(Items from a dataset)

--- START ---

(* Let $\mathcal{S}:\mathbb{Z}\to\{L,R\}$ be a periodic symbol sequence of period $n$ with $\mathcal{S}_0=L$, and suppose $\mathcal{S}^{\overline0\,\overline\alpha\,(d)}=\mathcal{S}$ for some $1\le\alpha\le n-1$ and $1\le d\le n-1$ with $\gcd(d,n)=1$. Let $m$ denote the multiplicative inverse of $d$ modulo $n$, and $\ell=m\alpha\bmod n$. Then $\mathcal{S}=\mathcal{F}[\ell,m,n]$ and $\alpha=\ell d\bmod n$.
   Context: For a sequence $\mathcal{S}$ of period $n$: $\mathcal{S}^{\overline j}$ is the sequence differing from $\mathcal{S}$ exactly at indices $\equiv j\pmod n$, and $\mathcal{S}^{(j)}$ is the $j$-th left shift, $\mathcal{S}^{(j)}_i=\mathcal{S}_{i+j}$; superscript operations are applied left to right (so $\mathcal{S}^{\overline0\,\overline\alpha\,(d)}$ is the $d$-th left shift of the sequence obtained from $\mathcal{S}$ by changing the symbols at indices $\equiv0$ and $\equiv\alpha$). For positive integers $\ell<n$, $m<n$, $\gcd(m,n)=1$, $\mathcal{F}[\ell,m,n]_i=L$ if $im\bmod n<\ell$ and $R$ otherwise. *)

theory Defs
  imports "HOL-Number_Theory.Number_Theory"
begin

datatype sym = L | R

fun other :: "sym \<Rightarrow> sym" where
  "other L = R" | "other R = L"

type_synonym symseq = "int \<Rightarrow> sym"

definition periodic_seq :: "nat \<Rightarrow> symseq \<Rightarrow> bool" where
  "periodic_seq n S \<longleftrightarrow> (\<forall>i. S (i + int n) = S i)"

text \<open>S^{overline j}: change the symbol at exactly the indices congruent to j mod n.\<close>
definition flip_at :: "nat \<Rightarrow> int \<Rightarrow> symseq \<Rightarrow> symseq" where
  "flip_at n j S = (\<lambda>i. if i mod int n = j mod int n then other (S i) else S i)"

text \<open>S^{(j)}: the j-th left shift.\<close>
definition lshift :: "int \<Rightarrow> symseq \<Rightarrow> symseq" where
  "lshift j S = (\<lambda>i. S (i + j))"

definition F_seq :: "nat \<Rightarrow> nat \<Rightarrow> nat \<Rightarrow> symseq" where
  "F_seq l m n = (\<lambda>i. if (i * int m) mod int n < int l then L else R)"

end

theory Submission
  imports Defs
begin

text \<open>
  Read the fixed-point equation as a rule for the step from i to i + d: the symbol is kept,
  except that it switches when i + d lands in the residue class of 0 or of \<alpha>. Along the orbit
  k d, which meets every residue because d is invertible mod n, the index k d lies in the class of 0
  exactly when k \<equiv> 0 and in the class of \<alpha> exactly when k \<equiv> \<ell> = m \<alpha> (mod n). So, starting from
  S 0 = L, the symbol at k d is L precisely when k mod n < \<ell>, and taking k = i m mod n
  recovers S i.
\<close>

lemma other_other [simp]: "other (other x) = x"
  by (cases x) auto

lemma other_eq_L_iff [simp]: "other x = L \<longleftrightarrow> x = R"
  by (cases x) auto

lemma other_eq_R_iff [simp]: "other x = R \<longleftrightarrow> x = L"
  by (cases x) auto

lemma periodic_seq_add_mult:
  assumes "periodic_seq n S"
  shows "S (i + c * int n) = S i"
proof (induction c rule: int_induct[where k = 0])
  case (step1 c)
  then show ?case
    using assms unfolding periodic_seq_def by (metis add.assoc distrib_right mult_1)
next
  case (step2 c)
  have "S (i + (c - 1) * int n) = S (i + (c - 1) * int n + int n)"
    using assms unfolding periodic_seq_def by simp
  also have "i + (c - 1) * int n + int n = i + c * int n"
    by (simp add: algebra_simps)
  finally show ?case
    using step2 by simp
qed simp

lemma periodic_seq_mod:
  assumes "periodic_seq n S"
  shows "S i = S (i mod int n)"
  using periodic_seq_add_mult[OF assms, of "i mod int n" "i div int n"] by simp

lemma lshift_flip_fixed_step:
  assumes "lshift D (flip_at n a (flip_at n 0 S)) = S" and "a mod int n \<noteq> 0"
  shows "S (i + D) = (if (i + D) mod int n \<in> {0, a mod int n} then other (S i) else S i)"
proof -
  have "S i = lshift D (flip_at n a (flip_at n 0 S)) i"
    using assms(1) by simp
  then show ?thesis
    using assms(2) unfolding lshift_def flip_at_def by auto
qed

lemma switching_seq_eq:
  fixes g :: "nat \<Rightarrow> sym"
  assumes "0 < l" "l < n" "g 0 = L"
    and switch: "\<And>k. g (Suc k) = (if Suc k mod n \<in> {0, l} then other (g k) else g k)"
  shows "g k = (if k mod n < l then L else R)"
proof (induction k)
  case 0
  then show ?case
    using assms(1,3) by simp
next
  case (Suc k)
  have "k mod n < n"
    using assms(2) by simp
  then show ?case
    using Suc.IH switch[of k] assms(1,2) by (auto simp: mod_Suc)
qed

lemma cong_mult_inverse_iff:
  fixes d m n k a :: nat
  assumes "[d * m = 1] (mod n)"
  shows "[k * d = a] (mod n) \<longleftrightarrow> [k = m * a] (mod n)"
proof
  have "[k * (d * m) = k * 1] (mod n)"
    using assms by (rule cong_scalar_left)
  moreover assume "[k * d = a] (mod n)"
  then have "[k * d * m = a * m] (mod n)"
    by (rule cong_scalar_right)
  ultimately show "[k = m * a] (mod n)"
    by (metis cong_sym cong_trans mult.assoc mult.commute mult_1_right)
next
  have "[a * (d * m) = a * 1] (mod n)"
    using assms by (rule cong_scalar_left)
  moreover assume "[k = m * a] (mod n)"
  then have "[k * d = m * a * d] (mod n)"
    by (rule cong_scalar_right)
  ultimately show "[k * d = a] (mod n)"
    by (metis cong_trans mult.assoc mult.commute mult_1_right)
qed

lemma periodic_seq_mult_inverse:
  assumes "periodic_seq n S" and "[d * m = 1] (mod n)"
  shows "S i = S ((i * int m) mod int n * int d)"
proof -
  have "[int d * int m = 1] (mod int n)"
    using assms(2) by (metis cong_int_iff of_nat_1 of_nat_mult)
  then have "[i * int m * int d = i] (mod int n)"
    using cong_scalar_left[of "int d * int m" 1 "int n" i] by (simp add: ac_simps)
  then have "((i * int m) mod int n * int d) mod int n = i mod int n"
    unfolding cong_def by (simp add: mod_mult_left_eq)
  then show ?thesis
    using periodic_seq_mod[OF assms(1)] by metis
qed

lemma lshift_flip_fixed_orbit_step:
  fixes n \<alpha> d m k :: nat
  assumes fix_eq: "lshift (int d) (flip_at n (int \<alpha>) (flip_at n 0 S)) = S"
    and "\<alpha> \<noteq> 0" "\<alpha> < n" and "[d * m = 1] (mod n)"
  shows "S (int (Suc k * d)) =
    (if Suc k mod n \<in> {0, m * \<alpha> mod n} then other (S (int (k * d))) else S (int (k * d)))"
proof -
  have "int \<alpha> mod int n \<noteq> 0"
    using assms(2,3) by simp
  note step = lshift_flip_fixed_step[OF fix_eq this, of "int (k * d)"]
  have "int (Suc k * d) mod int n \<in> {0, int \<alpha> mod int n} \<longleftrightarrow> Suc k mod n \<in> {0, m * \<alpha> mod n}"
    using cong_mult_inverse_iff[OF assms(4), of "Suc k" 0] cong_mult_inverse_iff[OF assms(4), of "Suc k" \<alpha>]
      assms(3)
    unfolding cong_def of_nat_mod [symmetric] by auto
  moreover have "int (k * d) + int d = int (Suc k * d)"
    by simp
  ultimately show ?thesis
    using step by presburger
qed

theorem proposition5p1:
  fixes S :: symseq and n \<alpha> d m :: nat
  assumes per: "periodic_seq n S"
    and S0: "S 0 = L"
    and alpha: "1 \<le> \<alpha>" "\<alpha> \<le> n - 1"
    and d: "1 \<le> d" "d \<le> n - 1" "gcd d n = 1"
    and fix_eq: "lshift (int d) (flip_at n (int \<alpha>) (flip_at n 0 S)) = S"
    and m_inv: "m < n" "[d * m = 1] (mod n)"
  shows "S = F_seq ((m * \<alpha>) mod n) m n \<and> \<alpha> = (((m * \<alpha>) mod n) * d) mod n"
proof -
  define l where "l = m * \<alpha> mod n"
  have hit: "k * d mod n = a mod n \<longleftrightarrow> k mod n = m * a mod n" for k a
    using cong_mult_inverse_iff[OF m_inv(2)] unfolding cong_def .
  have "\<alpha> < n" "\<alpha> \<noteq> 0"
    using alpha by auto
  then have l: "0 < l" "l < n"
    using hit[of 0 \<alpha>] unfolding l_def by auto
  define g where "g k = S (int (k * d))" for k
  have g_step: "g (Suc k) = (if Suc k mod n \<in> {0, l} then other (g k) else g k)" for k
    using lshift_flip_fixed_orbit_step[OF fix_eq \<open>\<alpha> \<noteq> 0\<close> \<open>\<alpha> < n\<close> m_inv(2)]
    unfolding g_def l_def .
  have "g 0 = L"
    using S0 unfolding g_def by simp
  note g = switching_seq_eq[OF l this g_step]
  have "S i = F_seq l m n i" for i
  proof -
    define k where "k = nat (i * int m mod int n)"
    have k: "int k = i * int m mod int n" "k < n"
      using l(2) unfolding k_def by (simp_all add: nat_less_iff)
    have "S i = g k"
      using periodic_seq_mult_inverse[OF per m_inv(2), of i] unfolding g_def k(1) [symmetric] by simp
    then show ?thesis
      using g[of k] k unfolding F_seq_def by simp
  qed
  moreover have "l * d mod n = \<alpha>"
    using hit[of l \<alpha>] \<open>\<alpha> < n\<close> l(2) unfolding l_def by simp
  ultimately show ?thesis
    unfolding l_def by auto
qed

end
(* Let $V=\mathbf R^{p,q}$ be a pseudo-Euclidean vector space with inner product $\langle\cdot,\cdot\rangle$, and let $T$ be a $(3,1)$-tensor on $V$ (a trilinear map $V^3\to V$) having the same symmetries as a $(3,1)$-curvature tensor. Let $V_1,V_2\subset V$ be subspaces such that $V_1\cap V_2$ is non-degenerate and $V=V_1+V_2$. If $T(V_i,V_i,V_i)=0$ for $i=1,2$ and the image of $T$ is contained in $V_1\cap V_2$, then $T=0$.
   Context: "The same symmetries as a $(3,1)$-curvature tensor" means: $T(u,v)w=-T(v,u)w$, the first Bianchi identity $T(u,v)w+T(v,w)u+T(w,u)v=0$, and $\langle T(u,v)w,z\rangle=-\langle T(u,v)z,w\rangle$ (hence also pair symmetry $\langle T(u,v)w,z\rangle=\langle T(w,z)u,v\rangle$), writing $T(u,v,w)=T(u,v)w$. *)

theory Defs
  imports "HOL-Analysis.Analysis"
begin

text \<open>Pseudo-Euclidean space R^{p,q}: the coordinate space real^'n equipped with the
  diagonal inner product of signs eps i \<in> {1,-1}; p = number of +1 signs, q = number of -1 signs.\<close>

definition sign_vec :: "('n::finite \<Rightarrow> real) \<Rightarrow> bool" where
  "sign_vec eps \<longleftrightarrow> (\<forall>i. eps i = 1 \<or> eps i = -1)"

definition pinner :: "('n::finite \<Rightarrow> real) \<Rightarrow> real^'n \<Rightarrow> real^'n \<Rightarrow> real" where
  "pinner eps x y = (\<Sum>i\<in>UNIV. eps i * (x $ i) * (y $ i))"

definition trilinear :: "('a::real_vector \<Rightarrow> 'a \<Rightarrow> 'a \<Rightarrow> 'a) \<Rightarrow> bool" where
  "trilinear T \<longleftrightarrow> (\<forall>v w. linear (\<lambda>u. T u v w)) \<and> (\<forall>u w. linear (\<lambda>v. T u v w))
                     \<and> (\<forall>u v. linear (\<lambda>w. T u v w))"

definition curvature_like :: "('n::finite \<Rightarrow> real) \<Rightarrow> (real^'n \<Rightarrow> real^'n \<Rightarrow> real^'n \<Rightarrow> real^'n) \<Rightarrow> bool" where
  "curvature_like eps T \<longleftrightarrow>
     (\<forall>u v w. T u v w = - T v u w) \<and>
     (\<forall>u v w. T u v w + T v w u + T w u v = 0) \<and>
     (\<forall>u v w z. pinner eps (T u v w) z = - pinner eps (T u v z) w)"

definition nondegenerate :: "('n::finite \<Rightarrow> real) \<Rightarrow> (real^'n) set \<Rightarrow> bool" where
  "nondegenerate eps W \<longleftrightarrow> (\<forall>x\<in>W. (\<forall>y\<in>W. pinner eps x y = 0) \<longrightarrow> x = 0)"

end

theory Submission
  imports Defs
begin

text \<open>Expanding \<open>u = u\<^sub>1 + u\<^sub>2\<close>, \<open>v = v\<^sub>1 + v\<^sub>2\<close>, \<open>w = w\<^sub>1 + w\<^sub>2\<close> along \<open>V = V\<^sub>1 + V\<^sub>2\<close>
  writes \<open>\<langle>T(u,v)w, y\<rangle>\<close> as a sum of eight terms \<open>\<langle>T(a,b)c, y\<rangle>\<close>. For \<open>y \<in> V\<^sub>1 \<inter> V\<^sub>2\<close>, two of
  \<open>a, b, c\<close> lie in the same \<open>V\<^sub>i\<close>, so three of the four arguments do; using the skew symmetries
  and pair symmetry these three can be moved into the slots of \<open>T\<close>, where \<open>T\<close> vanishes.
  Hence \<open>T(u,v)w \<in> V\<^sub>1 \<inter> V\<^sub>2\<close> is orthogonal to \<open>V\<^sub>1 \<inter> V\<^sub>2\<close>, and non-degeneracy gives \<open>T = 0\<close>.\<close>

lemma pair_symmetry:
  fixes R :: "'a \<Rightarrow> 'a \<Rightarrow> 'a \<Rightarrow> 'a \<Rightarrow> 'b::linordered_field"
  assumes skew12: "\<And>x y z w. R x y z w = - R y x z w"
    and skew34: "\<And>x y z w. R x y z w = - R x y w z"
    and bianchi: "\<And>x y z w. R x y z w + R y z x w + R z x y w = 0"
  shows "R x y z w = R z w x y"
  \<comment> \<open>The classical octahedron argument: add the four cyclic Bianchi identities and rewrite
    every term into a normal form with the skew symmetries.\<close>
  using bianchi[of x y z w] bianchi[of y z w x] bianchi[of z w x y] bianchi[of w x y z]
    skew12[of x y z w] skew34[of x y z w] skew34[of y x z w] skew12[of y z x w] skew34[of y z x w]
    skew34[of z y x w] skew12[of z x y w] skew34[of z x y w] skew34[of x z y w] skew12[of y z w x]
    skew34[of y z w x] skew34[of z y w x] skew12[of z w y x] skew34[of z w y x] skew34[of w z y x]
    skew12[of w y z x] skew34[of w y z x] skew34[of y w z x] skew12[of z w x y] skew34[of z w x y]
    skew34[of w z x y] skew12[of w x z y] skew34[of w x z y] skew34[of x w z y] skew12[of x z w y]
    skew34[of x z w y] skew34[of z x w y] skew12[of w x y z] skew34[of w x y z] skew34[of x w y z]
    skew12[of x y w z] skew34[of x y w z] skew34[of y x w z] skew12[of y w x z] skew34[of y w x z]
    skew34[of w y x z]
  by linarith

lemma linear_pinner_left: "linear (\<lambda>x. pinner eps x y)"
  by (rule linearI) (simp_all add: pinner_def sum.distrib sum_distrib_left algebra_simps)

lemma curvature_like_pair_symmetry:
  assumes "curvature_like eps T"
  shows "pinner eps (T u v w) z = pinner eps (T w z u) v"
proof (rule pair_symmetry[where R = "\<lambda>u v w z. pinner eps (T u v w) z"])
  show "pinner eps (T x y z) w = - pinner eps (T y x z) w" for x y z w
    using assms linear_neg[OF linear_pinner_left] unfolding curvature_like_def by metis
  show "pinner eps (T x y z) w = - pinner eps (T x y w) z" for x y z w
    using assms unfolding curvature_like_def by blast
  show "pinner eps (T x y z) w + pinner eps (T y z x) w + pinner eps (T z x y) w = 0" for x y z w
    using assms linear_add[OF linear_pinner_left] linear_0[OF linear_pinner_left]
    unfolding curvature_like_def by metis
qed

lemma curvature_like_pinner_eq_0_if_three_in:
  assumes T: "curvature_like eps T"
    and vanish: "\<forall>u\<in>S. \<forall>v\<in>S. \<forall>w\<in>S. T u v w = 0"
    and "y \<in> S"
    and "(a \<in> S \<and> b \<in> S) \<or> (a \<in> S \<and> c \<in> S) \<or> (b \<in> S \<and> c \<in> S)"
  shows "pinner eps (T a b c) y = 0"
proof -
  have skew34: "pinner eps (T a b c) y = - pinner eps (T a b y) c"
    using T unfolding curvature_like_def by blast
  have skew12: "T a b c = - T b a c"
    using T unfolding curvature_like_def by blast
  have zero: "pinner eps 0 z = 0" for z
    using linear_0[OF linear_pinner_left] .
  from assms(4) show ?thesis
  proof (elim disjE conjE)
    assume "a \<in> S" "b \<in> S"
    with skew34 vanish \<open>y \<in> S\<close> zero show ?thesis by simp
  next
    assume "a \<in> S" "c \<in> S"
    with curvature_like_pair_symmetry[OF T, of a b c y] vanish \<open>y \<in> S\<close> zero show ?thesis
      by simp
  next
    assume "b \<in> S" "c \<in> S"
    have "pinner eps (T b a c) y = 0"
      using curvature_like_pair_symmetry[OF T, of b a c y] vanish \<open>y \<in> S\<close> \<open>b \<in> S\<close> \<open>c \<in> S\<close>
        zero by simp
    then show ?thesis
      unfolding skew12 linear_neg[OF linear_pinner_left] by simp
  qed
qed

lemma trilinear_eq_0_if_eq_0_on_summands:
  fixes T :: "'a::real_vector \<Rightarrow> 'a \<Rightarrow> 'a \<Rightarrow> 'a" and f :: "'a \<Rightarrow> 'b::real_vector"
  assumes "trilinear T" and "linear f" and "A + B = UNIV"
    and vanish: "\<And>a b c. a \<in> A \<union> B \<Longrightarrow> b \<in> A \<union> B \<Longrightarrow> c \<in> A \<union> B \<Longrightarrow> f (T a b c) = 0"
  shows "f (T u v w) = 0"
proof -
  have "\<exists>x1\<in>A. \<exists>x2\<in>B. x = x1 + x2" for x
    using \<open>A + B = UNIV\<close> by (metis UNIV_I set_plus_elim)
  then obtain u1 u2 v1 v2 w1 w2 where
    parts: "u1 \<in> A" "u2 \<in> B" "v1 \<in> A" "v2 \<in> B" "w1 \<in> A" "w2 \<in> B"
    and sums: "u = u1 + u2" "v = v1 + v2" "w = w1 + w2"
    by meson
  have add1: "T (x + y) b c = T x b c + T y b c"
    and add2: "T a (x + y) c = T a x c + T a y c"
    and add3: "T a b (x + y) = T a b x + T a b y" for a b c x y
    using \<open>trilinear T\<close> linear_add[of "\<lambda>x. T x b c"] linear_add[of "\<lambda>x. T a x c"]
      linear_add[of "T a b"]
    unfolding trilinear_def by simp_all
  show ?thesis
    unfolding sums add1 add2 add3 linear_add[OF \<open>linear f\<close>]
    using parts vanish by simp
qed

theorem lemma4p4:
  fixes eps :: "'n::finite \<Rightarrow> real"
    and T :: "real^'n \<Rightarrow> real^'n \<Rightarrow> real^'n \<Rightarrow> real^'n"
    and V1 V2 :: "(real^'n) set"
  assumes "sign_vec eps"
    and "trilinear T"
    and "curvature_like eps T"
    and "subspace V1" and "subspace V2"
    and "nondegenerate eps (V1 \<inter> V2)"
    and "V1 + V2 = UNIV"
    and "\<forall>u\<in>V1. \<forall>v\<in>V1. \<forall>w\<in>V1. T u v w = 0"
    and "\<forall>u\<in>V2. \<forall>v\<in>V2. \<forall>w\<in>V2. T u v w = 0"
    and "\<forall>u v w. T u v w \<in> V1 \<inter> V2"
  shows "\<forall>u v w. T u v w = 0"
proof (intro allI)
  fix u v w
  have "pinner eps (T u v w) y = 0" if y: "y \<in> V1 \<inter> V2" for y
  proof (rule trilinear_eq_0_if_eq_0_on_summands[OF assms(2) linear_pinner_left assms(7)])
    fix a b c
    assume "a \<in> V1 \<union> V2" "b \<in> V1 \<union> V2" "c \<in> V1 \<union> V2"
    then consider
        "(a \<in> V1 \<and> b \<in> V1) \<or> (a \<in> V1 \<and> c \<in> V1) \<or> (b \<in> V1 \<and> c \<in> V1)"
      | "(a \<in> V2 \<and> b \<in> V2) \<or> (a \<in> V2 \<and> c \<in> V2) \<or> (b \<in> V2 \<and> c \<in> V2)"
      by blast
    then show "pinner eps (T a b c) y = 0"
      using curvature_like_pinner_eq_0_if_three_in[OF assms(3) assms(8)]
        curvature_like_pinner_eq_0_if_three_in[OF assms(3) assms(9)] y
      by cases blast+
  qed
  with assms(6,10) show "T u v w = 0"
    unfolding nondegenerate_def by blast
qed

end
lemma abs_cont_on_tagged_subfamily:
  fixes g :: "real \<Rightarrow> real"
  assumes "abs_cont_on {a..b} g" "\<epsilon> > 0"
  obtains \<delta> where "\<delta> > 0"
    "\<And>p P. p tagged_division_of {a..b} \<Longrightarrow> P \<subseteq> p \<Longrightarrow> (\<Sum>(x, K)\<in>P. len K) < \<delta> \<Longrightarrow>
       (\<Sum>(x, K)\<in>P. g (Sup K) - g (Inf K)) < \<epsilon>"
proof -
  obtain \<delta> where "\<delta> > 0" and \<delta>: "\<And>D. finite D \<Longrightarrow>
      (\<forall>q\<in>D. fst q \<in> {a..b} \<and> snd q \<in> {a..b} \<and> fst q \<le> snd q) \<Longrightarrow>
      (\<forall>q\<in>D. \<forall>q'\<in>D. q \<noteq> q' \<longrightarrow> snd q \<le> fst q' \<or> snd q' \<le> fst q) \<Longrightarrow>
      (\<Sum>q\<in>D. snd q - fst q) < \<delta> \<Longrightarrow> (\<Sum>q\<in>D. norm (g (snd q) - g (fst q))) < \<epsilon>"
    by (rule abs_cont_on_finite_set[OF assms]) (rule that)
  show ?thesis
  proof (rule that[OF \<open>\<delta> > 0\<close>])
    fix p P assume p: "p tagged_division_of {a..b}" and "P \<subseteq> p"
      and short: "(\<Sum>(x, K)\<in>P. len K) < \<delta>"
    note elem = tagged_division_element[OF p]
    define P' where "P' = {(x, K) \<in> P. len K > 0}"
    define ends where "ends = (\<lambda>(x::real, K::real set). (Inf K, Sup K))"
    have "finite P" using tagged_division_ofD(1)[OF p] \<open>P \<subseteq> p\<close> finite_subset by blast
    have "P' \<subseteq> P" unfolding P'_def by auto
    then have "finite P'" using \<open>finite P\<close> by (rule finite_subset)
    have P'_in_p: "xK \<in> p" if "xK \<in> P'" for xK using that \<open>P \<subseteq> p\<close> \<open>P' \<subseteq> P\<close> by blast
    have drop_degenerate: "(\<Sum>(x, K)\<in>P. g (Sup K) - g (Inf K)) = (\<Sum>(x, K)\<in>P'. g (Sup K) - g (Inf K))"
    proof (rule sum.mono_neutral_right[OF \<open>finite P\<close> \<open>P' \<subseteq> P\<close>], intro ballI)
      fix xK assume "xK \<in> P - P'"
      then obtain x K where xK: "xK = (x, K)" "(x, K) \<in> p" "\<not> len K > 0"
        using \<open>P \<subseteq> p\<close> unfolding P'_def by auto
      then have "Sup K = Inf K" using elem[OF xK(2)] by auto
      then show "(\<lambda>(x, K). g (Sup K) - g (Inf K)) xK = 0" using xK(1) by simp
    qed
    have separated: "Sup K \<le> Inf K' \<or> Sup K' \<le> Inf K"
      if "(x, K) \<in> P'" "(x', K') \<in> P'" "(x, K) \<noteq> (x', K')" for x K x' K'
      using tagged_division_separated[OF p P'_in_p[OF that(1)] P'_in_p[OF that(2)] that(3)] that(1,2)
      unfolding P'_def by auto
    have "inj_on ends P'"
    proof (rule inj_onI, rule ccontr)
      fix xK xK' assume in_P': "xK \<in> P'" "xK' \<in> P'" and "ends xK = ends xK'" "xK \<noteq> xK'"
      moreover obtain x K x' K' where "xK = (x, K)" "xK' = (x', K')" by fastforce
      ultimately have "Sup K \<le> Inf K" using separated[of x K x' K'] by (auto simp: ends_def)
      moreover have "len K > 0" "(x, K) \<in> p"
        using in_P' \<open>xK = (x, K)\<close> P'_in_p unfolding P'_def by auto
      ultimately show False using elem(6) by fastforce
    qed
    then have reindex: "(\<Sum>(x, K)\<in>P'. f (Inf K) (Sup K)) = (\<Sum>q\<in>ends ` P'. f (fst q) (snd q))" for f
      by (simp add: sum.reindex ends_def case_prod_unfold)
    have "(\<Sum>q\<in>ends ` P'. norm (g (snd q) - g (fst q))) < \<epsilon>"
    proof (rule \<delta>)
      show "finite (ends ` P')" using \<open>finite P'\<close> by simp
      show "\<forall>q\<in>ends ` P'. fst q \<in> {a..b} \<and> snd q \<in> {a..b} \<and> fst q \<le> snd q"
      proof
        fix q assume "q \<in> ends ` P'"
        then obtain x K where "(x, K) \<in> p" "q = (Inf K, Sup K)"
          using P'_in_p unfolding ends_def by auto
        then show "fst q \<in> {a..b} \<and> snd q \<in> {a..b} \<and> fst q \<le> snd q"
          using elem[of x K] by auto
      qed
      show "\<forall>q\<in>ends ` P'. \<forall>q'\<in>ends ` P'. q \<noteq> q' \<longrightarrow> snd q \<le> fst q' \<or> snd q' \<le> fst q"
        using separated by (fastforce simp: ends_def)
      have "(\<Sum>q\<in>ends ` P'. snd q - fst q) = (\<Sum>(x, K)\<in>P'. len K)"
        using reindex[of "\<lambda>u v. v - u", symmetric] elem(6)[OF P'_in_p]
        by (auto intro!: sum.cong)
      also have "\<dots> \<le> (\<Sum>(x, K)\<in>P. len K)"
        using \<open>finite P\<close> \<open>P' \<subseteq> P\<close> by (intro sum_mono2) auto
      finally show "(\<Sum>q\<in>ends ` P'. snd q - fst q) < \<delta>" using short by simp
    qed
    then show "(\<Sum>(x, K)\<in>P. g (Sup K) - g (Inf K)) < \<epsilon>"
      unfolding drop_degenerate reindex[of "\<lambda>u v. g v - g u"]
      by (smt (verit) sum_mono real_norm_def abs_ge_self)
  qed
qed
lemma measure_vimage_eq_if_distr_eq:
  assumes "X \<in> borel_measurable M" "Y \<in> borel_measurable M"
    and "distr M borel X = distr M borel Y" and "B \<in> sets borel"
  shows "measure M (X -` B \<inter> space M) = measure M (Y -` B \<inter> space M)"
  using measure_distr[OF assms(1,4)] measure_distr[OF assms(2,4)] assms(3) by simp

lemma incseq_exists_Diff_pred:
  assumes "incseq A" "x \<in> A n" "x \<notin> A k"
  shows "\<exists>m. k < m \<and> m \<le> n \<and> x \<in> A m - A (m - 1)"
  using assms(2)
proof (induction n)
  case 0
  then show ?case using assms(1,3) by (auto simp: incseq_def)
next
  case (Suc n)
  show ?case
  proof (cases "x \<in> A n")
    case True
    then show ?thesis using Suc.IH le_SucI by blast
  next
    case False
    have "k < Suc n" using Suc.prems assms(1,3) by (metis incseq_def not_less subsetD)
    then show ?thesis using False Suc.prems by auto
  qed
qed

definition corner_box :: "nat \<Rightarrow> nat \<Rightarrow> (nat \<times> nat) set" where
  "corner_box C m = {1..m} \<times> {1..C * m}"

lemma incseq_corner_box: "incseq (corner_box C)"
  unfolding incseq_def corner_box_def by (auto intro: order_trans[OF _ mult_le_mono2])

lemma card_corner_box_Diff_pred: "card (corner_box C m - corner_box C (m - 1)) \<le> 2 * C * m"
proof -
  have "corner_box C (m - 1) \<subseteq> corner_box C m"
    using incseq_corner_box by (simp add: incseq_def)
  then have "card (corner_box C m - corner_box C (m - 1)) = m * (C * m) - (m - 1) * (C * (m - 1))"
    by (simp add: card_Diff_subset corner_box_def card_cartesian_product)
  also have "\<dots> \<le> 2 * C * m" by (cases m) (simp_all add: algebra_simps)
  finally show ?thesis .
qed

--- END ---

__Task statement__
All lines above that include the word "intro" must be copied into the answer.

__Answer for this exercise__
proof (intro allI)
    proof (rule sum.mono_neutral_right[OF \<open>finite P\<close> \<open>P' \<subseteq> P\<close>], intro ballI)
        by (auto intro!: sum.cong)
        using \<open>finite P\<close> \<open>P' \<subseteq> P\<close> by (intro sum_mono2) auto
  unfolding incseq_def corner_box_def by (auto intro: order_trans[OF _ mult_le_mono2])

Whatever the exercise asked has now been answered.